Probably the place that makes the most sense to watch this work is on a monitor hanging in an art museum—a place where many of the manifestos on art being recited in the film can be observed in practice around you. But for those of you (including myself) who have claimed that you would watch Cate Blanchett in anything, here’s the chance to prove yourself, since she certainly proves that she warrants such faith in her abilities in Manifesto, an experimental work from German artist Julian Rosefeldt. In the film, Blanchett plays 13 different characters, each with a unique look, accent and series of monologues, each taken from the writings of a great number of well-known manifestos on 20th century art movements, representing the views of everyone from Karl Marx to Lars von Trier.
One of the few films I’ve ever seen with a “dramaturgical advisor” listed in the credits, Manifesto covers such movements as surrealism, dadaism, pop art, architecture, creationism, abstract expressionism, performance, minimalism, and, of course, film. In one of the final sequences, Blanchett plays a school teacher instructing a class of elementary school students on the theories of Jim Jarmusch and the Danish Dogme 95 in a patient, soothing tone, as if she were teaching them to tie their shoes. Other personas taken on by the actress include a newscaster (as well as her in-the-field reporter), a woman giving a eulogy at a funeral, an exasperated Russian choreographer, and even a homeless man wandering the ruins of an unknown city.
There’s no getting around the fact that Manifesto is a fascinating exercise in both acting and artistic expression. It also happen to be beautifully shot and composed, but the centerpiece of the film is the anticipation we experience waiting to see what Blanchett comes up with next. It manages to be an encapsulation of all that she is capable of, yet somehow it probably doesn’t even scratch the surface.

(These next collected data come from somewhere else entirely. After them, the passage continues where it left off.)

text \<open>Take \<open>K\<^sub>2\<^sub>,\<^sub>m\<close> with hubs 0 and 1 and attach a pendant leaf to each of the other \<open>m\<close>
vertices. Deleting the leaves gives back \<open>K\<^sub>2\<^sub>,\<^sub>m\<close>, which is 2-connected, and no single edge
separates two edges of the graph. In the square, a leaf is adjacent only to its own neighbour and
to the two hubs; as it has even positive degree in a connected even factor \<open>F\<close>, it is joined
in \<open>F\<close> to a hub. These \<open>m\<close> edges are distinct, so the two hubs have total \<open>F\<close>-degree at
least \<open>m\<close>, which exceeds \<open>4s\<close> once \<open>m > 4s\<close>.\<close>

lemma finite_edges: "is_graph G \<Longrightarrow> finite (edges G)"
  unfolding is_graph_def by (rule finite_subset[of _ "Pow (verts G)"]) auto

lemma empty_not_edge: "is_graph G \<Longrightarrow> {} \<notin> edges G"
  unfolding is_graph_def by blast

lemma adj_sym: "adj G u v \<Longrightarrow> adj G v u"
  unfolding adj_def by (auto simp: insert_commute)

lemma reach_refl: "(u, u) \<in> reach G"
  unfolding reach_def by (rule rtrancl_refl)

lemma reach_edge: "u \<in> verts G \<Longrightarrow> v \<in> verts G \<Longrightarrow> adj G u v \<Longrightarrow> (u, v) \<in> reach G"
  unfolding reach_def by (rule r_into_rtrancl) simp

lemma reach_trans: "(u, v) \<in> reach G \<Longrightarrow> (v, w) \<in> reach G \<Longrightarrow> (u, w) \<in> reach G"
  unfolding reach_def by (rule rtrancl_trans)

lemma reach_sym: "(u, v) \<in> reach G \<Longrightarrow> (v, u) \<in> reach G"
proof -
  have "sym {(u, v). u \<in> verts G \<and> v \<in> verts G \<and> adj G u v}"
    by (auto simp: sym_def intro: adj_sym)
  then have "sym (reach G)"
    unfolding reach_def by (rule sym_rtrancl)
  then show "(u, v) \<in> reach G \<Longrightarrow> (v, u) \<in> reach G"
    by (auto simp: sym_def)
qed

lemma connectedI_root:
  assumes "r \<in> verts G" and "\<And>v. v \<in> verts G \<Longrightarrow> (r, v) \<in> reach G"
  shows "connected G"
  unfolding connected_def using assms reach_sym reach_trans by blast

lemma verts_induced [simp]: "verts (induced G S) = verts G \<inter> S"
  by (simp add: induced_def verts_def)

lemma adj_induced [simp]: "adj (induced G S) u v \<longleftrightarrow> adj G u v \<and> u \<in> S \<and> v \<in> S"
  by (auto simp: induced_def edges_def adj_def)

lemma verts_square [simp]: "verts (square G) = verts G"
  by (simp add: square_def verts_def)

lemma edges_square:
  "edges (square G) = {{u, v} | u v. u \<in> verts G \<and> v \<in> verts G \<and> u \<noteq> v \<and>
     (adj G u v \<or> (\<exists>w. adj G u w \<and> adj G w v))}"
  by (simp add: square_def edges_def verts_def)

lemma finite_edges_square: "finite (verts G) \<Longrightarrow> finite (edges (square G))"
  by (rule finite_subset[of _ "Pow (verts G)"]) (auto simp: edges_square)

lemma square_edge_at_pendant:
  assumes pendant: "\<And>x. adj G p x \<longleftrightarrow> x = c"
    and e: "e \<in> edges (square G)" and "p \<in> e"
  shows "\<exists>w. e = {p, w} \<and> (w = c \<or> adj G c w)"
proof -
  have two_step: "w = c \<or> adj G c w" if "adj G p w \<or> (\<exists>x. adj G p x \<and> adj G x w)" for w
    using that pendant by metis
  obtain u v where uv: "e = {u, v}" and walk: "adj G u v \<or> (\<exists>x. adj G u x \<and> adj G x v)"
    using e unfolding edges_square by blast
  from \<open>p \<in> e\<close> uv have "u = p \<or> v = p" by blast
  then show ?thesis
  proof
    assume "u = p"
    then show ?thesis using uv walk two_step by blast
  next
    assume "v = p"
    moreover from walk have "adj G v u \<or> (\<exists>x. adj G v x \<and> adj G x u)"
      using adj_sym by blast
    ultimately show ?thesis using uv two_step by (metis insert_commute)
  qed
qed

lemma degree_le_card:
  assumes "finite A" and "{e \<in> edges G. v \<in> e} \<subseteq> A"
  shows "degree G v \<le> card A"
  unfolding degree_def using assms by (rule card_mono)

lemma degree_eq_card_adj:
  assumes "is_graph G"
  shows "degree G v = card {x. adj G v x}"
proof -
  have "{e \<in> edges G. v \<in> e} = (\<lambda>x. {v, x}) ` {x. adj G v x}"
    using assms unfolding is_graph_def adj_def by (fastforce simp: insert_commute)
  moreover have "inj_on (\<lambda>x. {v, x}) {x. adj G v x}"
    by (auto simp: inj_on_def doubleton_eq_iff adj_def)
  ultimately show ?thesis
    unfolding degree_def by (simp add: card_image)
qed

lemma two_2s_factor_degree:
  assumes "two_2s_factor s F G" and "v \<in> verts G"
  shows "2 \<le> degree F v" and "degree F v \<le> 2 * s"
proof -
  have "0 < degree F v" "even (degree F v)" "degree F v \<le> 2 * s"
    using assms unfolding two_2s_factor_def connected_even_factor_def is_factor_def by auto
  then show "2 \<le> degree F v" and "degree F v \<le> 2 * s"
    by (auto elim: evenE)
qed

lemma graph_iso_refl: "graph_iso G G"
  unfolding graph_iso_def by (auto intro: bij_betw_id)

lemma graph_iso_card_verts: "graph_iso G H \<Longrightarrow> card (verts G) = card (verts H)"
  unfolding graph_iso_def by (blast intro: bij_betw_same_card)

definition delete_edge :: "graph \<Rightarrow> nat set \<Rightarrow> graph" where
  "delete_edge G d = (verts G, edges G - {d})"

lemma verts_delete_edge [simp]: "verts (delete_edge G d) = verts G"
  by (simp add: delete_edge_def verts_def)

lemma edges_delete_edge [simp]: "edges (delete_edge G d) = edges G - {d}"
  by (simp add: delete_edge_def edges_def)

lemma delete_edge_non_edge: "d \<notin> edges G \<Longrightarrow> delete_edge G d = G"
  by (simp add: delete_edge_def verts_def edges_def)

lemma reach_delete_edge:
  assumes "u \<in> verts G" "v \<in> verts G" "adj G u v" "{u, v} \<noteq> d"
  shows "(u, v) \<in> reach (delete_edge G d)"
  using assms by (intro reach_edge) (auto simp: adj_def)

lemma ess_2_edge_connectedI:
  assumes G: "is_graph G"
    and root: "\<And>d. \<exists>r. \<forall>e \<in> edges G - {d}. \<forall>u \<in> e. (r, u) \<in> reach (delete_edge G d)"
  shows "ess_2_edge_connected G"
  unfolding ess_2_edge_connected_def
proof (intro allI impI)
  fix D assume D: "D \<subseteq> edges G" "card D < 2"
  obtain d where d: "edges G - D = edges G - {d}"
  proof (cases "D = {}")
    case True
    then show ?thesis using that[of "{}"] empty_not_edge[OF G] by auto
  next
    case False
    with D finite_subset[OF D(1) finite_edges[OF G]] have "card D = 1"
      by (metis One_nat_def card_0_eq less_2_cases)
    then show ?thesis using that by (metis card_1_singletonE)
  qed
  obtain r where r: "\<forall>e \<in> edges G - {d}. \<forall>u \<in> e. (r, u) \<in> reach (delete_edge G d)"
    using root by blast
  have deleted: "(verts G, edges G - D) = delete_edge G d"
    by (simp add: delete_edge_def d)
  show "\<not> two_nontrivial_components (verts G, edges G - D)"
    unfolding deleted two_nontrivial_components_def
  proof clarify
    fix e1 e2 u v
    assume "e1 \<in> edges (delete_edge G d)" "e2 \<in> edges (delete_edge G d)" "u \<in> e1" "v \<in> e2"
      and "(u, v) \<notin> reach (delete_edge G d)"
    then show False
      using r reach_sym reach_trans by (metis edges_delete_edge)
  qed
qed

With just a new wig, or a pair of glasses, or more/less makeup, her entire personality shifts, sometimes subtly, but often quite dramatically.
It likely goes without saying (but I’ll say it anyway), the film is not for everyone, certainly, and as much as I enjoyed hearing these many musings on the artistic mind and theories on what constitutes pure and authentic art, Manifesto left me curious about what Rosefeldt’s thoughts were as well, or at least which of these writings he values the most. As a traditional film, it may leave many frustrated and confused, but as an acting exercise and thesis on the past century or so of artistic discovery, it’s captivating and, more often than you might think, quite amusing.
It seems appropriate that the film is opening in Chicago for a weeklong run at the Gene Siskel Film Center, a part of the School of the Art Institute of Chicago.